* _TASK INSTRUCTIONS_
When a line of the records contains "lambda", copy it.

─── ENTRIES SUPPLIED ───

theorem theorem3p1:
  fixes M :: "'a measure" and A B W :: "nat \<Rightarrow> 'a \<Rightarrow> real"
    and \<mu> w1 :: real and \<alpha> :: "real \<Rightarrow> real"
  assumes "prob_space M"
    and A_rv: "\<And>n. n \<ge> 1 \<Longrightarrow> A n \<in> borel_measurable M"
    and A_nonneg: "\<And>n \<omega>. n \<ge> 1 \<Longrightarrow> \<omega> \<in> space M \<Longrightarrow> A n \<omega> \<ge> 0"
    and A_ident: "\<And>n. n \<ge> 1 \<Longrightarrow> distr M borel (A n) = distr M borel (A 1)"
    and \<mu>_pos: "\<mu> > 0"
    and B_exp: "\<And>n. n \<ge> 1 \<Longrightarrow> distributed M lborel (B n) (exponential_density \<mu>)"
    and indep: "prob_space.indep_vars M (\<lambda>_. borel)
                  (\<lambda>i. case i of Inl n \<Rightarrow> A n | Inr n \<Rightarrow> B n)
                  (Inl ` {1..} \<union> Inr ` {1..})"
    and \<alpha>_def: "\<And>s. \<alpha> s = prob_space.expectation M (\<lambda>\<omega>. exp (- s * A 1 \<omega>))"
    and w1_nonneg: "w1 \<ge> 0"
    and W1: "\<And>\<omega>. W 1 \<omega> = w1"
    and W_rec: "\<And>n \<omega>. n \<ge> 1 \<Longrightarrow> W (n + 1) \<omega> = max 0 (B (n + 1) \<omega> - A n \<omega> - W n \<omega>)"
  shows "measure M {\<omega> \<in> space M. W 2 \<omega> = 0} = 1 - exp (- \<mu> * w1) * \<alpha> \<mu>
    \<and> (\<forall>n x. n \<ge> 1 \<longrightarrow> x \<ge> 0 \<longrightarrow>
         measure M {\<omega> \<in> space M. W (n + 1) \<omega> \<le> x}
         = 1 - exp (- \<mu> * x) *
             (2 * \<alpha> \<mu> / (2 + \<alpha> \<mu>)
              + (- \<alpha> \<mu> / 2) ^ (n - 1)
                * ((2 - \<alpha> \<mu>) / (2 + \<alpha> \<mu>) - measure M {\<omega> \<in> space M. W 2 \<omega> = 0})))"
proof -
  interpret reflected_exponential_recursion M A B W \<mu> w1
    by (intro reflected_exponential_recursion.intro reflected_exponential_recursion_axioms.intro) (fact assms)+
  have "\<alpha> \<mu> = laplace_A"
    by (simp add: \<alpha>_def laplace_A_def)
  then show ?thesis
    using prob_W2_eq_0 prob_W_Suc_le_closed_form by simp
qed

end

───
─── ENTRIES SUPPLIED ───

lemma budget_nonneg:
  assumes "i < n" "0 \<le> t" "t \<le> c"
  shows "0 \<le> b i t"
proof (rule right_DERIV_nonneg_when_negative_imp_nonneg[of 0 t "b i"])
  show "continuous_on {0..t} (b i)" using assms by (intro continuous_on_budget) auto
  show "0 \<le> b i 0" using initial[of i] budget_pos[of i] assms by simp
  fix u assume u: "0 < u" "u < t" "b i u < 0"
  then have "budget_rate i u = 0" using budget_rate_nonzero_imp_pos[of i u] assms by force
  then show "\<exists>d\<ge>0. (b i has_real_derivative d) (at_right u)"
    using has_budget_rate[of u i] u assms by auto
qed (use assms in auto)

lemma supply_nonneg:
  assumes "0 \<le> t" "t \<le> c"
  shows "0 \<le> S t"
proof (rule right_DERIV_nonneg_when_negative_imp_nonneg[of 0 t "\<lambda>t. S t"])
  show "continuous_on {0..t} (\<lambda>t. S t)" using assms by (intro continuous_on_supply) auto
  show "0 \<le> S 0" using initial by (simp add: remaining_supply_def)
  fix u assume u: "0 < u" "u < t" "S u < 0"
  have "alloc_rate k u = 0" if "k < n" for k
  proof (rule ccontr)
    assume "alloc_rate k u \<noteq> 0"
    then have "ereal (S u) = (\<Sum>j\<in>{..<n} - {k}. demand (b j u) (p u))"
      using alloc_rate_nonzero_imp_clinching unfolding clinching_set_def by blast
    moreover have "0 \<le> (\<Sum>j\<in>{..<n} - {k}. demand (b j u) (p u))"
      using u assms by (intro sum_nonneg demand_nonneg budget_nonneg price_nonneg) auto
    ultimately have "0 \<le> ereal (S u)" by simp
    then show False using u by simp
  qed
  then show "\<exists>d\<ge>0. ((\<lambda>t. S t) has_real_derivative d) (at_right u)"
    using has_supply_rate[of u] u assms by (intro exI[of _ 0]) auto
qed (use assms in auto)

───

* _RESPONSE FOR THIS EXERCISE_
    and indep: "prob_space.indep_vars M (\<lambda>_. borel)
                  (\<lambda>i. case i of Inl n \<Rightarrow> A n | Inr n \<Rightarrow> B n)
    and \<alpha>_def: "\<And>s. \<alpha> s = prob_space.expectation M (\<lambda>\<omega>. exp (- s * A 1 \<omega>))"
proof (rule right_DERIV_nonneg_when_negative_imp_nonneg[of 0 t "\<lambda>t. S t"])
  show "continuous_on {0..t} (\<lambda>t. S t)" using assms by (intro continuous_on_supply) auto
  then show "\<exists>d\<ge>0. ((\<lambda>t. S t) has_real_derivative d) (at_right u)"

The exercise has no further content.